**PROMPT**: Search the listing for the word "assumes" and copy every line where it turns up.

**INFORMATION**:

lemma tendsto_sum_floor_affine_div:
  fixes a b :: real and c :: "'i \<Rightarrow> real"
  assumes "finite A"
  shows "((\<lambda>T. ((\<Sum>i\<in>A. real_of_int \<lfloor>a * T + c i\<rfloor>) - b) / T) \<longlongrightarrow> real (card A) * a) at_top"
proof -
  define n where "n = real (card A)"
  define C where "C = (\<Sum>i\<in>A. c i)"
  define S where "S T = (\<Sum>i\<in>A. real_of_int \<lfloor>a * T + c i\<rfloor>)" for T
  have affine: "(\<Sum>i\<in>A. a * T + c i) = n * a * T + C" for T
    by (simp add: sum.distrib n_def C_def)
  have S_ge: "n * a * T + C - n \<le> S T" for T
  proof -
    have "(\<Sum>i\<in>A. a * T + c i - 1) \<le> S T"
      unfolding S_def by (rule sum_mono) linarith
    then show ?thesis using affine[of T] by (simp add: sum_subtractf n_def)
  qed
  have S_le: "S T \<le> n * a * T + C" for T
  proof -
    have "S T \<le> (\<Sum>i\<in>A. a * T + c i)"
      unfolding S_def by (rule sum_mono) simp
    then show ?thesis using affine[of T] by simp
  qed
  have bounds: "n * a + (C - n - b) / T \<le> (S T - b) / T \<and> (S T - b) / T \<le> n * a + (C - b) / T"
    if "T > 0" for T
  proof -
    have "n * a + (C - n - b) / T = (n * a * T + C - n - b) / T"
      and "n * a + (C - b) / T = (n * a * T + C - b) / T"
      using that by (simp_all add: field_simps)
    moreover have "(n * a * T + C - n - b) / T \<le> (S T - b) / T"
      using S_ge[of T] that by (intro divide_right_mono) auto
    moreover have "(S T - b) / T \<le> (n * a * T + C - b) / T"
      using S_le[of T] that by (intro divide_right_mono) auto
    ultimately show ?thesis by simp
  qed
  have eventually_bounds: "eventually (\<lambda>T. n * a + (C - n - b) / T \<le> (S T - b) / T
      \<and> (S T - b) / T \<le> n * a + (C - b) / T) at_top"
    using eventually_gt_at_top[of 0] by (rule eventually_mono) (rule bounds)
  have "((\<lambda>T. n * a + (C - n - b) / T) \<longlongrightarrow> n * a) at_top" by real_asymp
  moreover have "((\<lambda>T. n * a + (C - b) / T) \<longlongrightarrow> n * a) at_top" by real_asymp
  moreover have "eventually (\<lambda>T. n * a + (C - n - b) / T \<le> (S T - b) / T) at_top"
    using eventually_bounds by (rule eventually_mono) blast
  moreover have "eventually (\<lambda>T. (S T - b) / T \<le> n * a + (C - b) / T) at_top"
    using eventually_bounds by (rule eventually_mono) blast
  ultimately have "((\<lambda>T. (S T - b) / T) \<longlongrightarrow> n * a) at_top"
    by (rule tendsto_sandwich[rotated 2])
  then show ?thesis by (simp add: S_def n_def)
qed

lemma arrived_by_iff:
  assumes "v > 0" and "d > 0" and "s \<ge> d / 2" and "i \<in> {1..num_lanes d s}"
  shows "arrival v d s i k \<le> first_arrival v d s + T \<longleftrightarrow>
    real k \<le> (v * T - dlane d s i + dlane d s (Jlane d s)) / d"
proof -
  have "arrival v d s i k \<le> first_arrival v d s + T \<longleftrightarrow>
      (real k * d + dlane d s i) / v \<le> dlane d s (Jlane d s) / v + T"
    using arrival_eq[OF assms] arrival_eq[OF assms(1-3) Jlane_in_lanes[OF assms(2,3)]]
    by (simp add: first_arrival_eq[OF assms(1-3)])
  also have "\<dots> \<longleftrightarrow> (real k * d + dlane d s i) / v \<le> (dlane d s (Jlane d s) + v * T) / v"
    using assms(1) by (simp add: add_divide_distrib)
  also have "\<dots> \<longleftrightarrow> real k * d + dlane d s i \<le> dlane d s (Jlane d s) + v * T"
    using assms(1) by (simp add: divide_le_cancel)
  also have "\<dots> \<longleftrightarrow> real k * d \<le> v * T - dlane d s i + dlane d s (Jlane d s)"
    by linarith
  also have "\<dots> \<longleftrightarrow> real k \<le> (v * T - dlane d s i + dlane d s (Jlane d s)) / d"
    using assms(2) by (simp add: pos_le_divide_eq)
  finally show ?thesis .
qed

**ANSWER TO THIS TASK**:
  assumes "finite A"
  assumes "v > 0" and "d > 0" and "s \<ge> d / 2" and "i \<in> {1..num_lanes d s}"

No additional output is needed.